Wine and Food Tasting Etiquette and Ethics
I've often pondered the etiquette of trying before buying when it comes to food and wine tastings. If you are not intending on buying anything, it's probably not polite to go overboard on your test tastings. Many wineries commonly charge $5-$20 per person for you to partake of a wide selection of their wines. This gets around the whole issue of 'how much is polite' and ultimately makes for a more comfortable experience.

While the Hunter Valley is a pretty piece of Australia, it has a subtle dark side, which I would call pretentiousness to class. There is definitely a snobbery to wine tasting and a vanity to the promotion of consuming ultra-expensive food substances while many in our world can't put a meal on the table. But, don't let me put you off. I had a fine time in wine country. So will you. Just don't be tempted like I was to giggle over the waiter's description of the wine as 'a strawberry and peach bouquet with a floral lemon aftertaste."

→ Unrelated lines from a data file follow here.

section \<open>Collisions of a uniform random hash map\<close>

lemma map_pmf_pmf_of_set_eq_bernoulli:
  assumes "finite S" "x \<in> S"
  shows "map_pmf (\<lambda>y. y = x) (pmf_of_set S) = bernoulli_pmf (1 / real (card S))"
proof (rule pmf_eqI)
  fix b :: bool
  have S: "S \<noteq> {}" "card S > 0"
    using assms card_gt_0_iff by blast+
  have "S \<inter> (\<lambda>y. y = x) -` {b} = (if b then {x} else S - {x})"
    using assms by auto
  then show "pmf (map_pmf (\<lambda>y. y = x) (pmf_of_set S)) b = pmf (bernoulli_pmf (1 / real (card S))) b"
    using assms S by (simp add: pmf_map measure_pmf_of_set field_simps)
qed

lemma map_pmf_card_Pi_pmf_eq_binomial:
  assumes "finite R" "finite S" "x \<in> S"
  shows "map_pmf (\<lambda>g. card {k \<in> R. g k = x}) (Pi_pmf R d (\<lambda>_. pmf_of_set S))
       = binomial_pmf (card R) (1 / real (card S))"
proof -
  have "card S > 0"
    using assms card_gt_0_iff by blast
  then have "binomial_pmf (card R) (1 / real (card S))
      = map_pmf (\<lambda>f. card {k \<in> R. f k}) (Pi_pmf R (d = x) (\<lambda>_. map_pmf (\<lambda>y. y = x) (pmf_of_set S)))"
    using assms by (simp add: binomial_pmf_altdef' map_pmf_pmf_of_set_eq_bernoulli)
  also have "\<dots> = map_pmf (\<lambda>g. card {k \<in> R. g k = x}) (Pi_pmf R d (\<lambda>_. pmf_of_set S))"
    using assms by (subst Pi_pmf_map[of _ _ d]) (simp_all add: pmf.map_comp o_def)
  finally show ?thesis ..
qed

lemma expectation_Pi_pmf_uniform_insert:
  fixes F :: "('a \<Rightarrow> 'b) \<Rightarrow> real"
  assumes "finite A" "x \<notin> A" "finite S" "S \<noteq> {}"
  shows "measure_pmf.expectation (Pi_pmf (insert x A) d (\<lambda>_. pmf_of_set S)) F
       = (\<Sum>y\<in>S. measure_pmf.expectation (Pi_pmf A d (\<lambda>_. pmf_of_set S)) (\<lambda>f. F (f(x := y))))
         / real (card S)"
proof -
  have fin: "finite (set_pmf (Pi_pmf A d (\<lambda>_. pmf_of_set S)))"
    using assms by (auto simp: set_Pi_pmf)
  have "Pi_pmf (insert x A) d (\<lambda>_. pmf_of_set S)
      = pmf_of_set S \<bind> (\<lambda>y. map_pmf (\<lambda>f. f(x := y)) (Pi_pmf A d (\<lambda>_. pmf_of_set S)))"
    using assms by (simp add: Pi_pmf_insert' map_pmf_def)
  then show ?thesis
    using assms fin by (simp add: pmf_expectation_bind_pmf_of_set sum_distrib_left divide_inverse_commute)
qed

lemma card_preim_fun_upd_collision:
  assumes "i \<noteq> j" "i \<in> {1..p}" "j \<in> {1..p}"
  shows "card (preim (g(i := x, j := x)) p x) = card {k \<in> {1..p} - {i, j}. g k = x} + 2"
proof -
  have "preim (g(i := x, j := x)) p x = insert j (insert i {k \<in> {1..p} - {i, j}. g k = x})"
    using assms unfolding preim_def by auto
  then show ?thesis
    using assms by simp
qed

lemma expectation_hash_collision:
  fixes G :: "nat \<Rightarrow> real"
  assumes "m \<ge> 1" "i \<noteq> j" "i \<in> {1..p}" "j \<in> {1..p}"
  shows "measure_pmf.expectation (hash_pmf p m) (\<lambda>h. (if h i = h j then 1 else 0) * G (card (preim h p (h j))))
       = measure_pmf.expectation (binomial_pmf (p - 2) (1 / real m)) (\<lambda>k. G (k + 2)) / real m"
    (is "measure_pmf.expectation _ ?F = ?EB / _")
proof -
  define R where "R = {1..p} - {i, j}"
  define U where "U = pmf_of_set {1..m}"
  let ?E = "measure_pmf.expectation (Pi_pmf R 0 (\<lambda>_. U))"
  have R: "finite R" "i \<notin> R" "j \<notin> insert i R" "{1..p} = insert j (insert i R)" "card R = p - 2"
    using assms by (auto simp: R_def card_Diff_subset)
  have m: "finite {1..m}" "{1..m} \<noteq> {}" "card {1..m} = m"
    using assms by auto
  have inner: "?E (\<lambda>g. ?F (g(i := y, j := x))) = (if y = x then ?EB else 0)" if "x \<in> {1..m}" for x y
  proof (cases "y = x")
    case True
    have "?F (g(i := x, j := x)) = G (card {k \<in> R. g k = x} + 2)" for g
      using assms(2) card_preim_fun_upd_collision[OF assms(2-4), of g x] unfolding R_def by simp
    moreover have "?E (\<lambda>g. G (card {k \<in> R. g k = x} + 2))
        = measure_pmf.expectation (map_pmf (\<lambda>g. card {k \<in> R. g k = x}) (Pi_pmf R 0 (\<lambda>_. U)))
            (\<lambda>k. G (k + 2))"
      by (simp only: integral_map_pmf)
    moreover have "map_pmf (\<lambda>g. card {k \<in> R. g k = x}) (Pi_pmf R 0 (\<lambda>_. U))
        = binomial_pmf (p - 2) (1 / real m)"
      unfolding U_def using map_pmf_card_Pi_pmf_eq_binomial[OF R(1) m(1) that] R(5) m(3) by simp
    ultimately show ?thesis
      using True by simp
  next
    case False
    then show ?thesis
      using assms(2) by simp
  qed
  have "measure_pmf.expectation (hash_pmf p m) ?F
      = (\<Sum>x\<in>{1..m}. (\<Sum>y\<in>{1..m}. ?E (\<lambda>g. ?F (g(i := y, j := x)))) / real m) / real m"
    unfolding hash_pmf_def R(4) U_def using R m
    by (simp add: expectation_Pi_pmf_uniform_insert)
  also have "\<dots> = (\<Sum>x\<in>{1..m}. ?EB / real m) / real m"
  proof -
    have "(\<Sum>y\<in>{1..m}. ?E (\<lambda>g. ?F (g(i := y, j := x)))) = ?EB" if "x \<in> {1..m}" for x
      using that by (simp only: inner[OF that]) simp
    then show ?thesis
      by simp
  qed
  also have "\<dots> = ?EB / real m"
    using m by simp
  finally show ?thesis .
qed

lemma expectation_card_collisions:
  fixes G :: "nat \<Rightarrow> real"
  assumes "m \<ge> 1" "A \<subseteq> {1..p}" "j \<in> {1..p}"
  shows "measure_pmf.expectation (hash_pmf p m)
           (\<lambda>h. real (card (A \<inter> preim h p (h j) - {j})) * G (card (preim h p (h j))))
       = (real (card A) - (if j \<in> A then 1 else 0))
           * (measure_pmf.expectation (binomial_pmf (p - 2) (1 / real m)) (\<lambda>k. G (k + 2)) / real m)"
proof -
  have fin: "finite (set_pmf (hash_pmf p m))"
    using assms(1) by (auto simp: hash_pmf_def set_Pi_pmf)
  have "finite A"
    using assms(2) finite_subset by blast
  have card_Diff: "real (card (A - {j})) = real (card A) - (if j \<in> A then 1 else 0)"
  proof (cases "j \<in> A")
    case True
    then have "card A \<ge> 1"
      using \<open>finite A\<close> by (auto simp: Suc_le_eq card_gt_0_iff)
    then show ?thesis
      using True \<open>finite A\<close> by (simp add: card_Diff_singleton)
  qed simp
  have "real (card (A \<inter> preim h p (h j) - {j})) * G (card (preim h p (h j)))
      = (\<Sum>i\<in>A - {j}. (if h i = h j then 1 else 0) * G (card (preim h p (h j))))" for h
  proof -
    have "A \<inter> preim h p (h j) - {j} = {i \<in> A - {j}. h i = h j}"
      using assms(2) unfolding preim_def by auto
    moreover have "real (card {i \<in> A - {j}. h i = h j}) = (\<Sum>i\<in>A - {j}. if h i = h j then 1 else 0)"
      using \<open>finite A\<close> by (simp add: sum.inter_filter[symmetric])
    ultimately show ?thesis
      by (simp add: sum_distrib_right)
  qed
  then have "measure_pmf.expectation (hash_pmf p m)
           (\<lambda>h. real (card (A \<inter> preim h p (h j) - {j})) * G (card (preim h p (h j))))
      = (\<Sum>i\<in>A - {j}. measure_pmf.expectation (hash_pmf p m)
           (\<lambda>h. (if h i = h j then 1 else 0) * G (card (preim h p (h j)))))"
    using fin by (simp add: integrable_measure_pmf_finite)
  also have "\<dots> = (\<Sum>i\<in>A - {j}.
      measure_pmf.expectation (binomial_pmf (p - 2) (1 / real m)) (\<lambda>k. G (k + 2)) / real m)"
    using assms by (intro sum.cong refl expectation_hash_collision) auto
  finally show ?thesis
    using card_Diff by simp
qed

Dining out is another way to sample the excellent food and wine of the area. Some wineries even boast their own café's and restaurants. Food in the Hunter Valley is world class. The Keith Tulloch red wine blend (only produced every so often) and the amazing Rhubarb Violet Crumble at The Mill Restaurant was both the best wine and dessert I've ever consumed. Be warned – nothing comes cheap here and there's a price to pay for all that delightful food and drink, and I'm not talking just your waistline here.

Many Hunter Valley restaurants (like the Mill) also feature a live log fire in winter and top-notch hospitality service, which adds to the whole experience.

Be sure to book your restaurant place in advance – I had to ring around for quite some time on a recent Saturday night to find someplace that wasn't booked out. As the sixth most popular tourist destination in Australia, there is plenty of competition for a table place.

Enjoy the Hunter Valley - and if you make it, have a drink on me.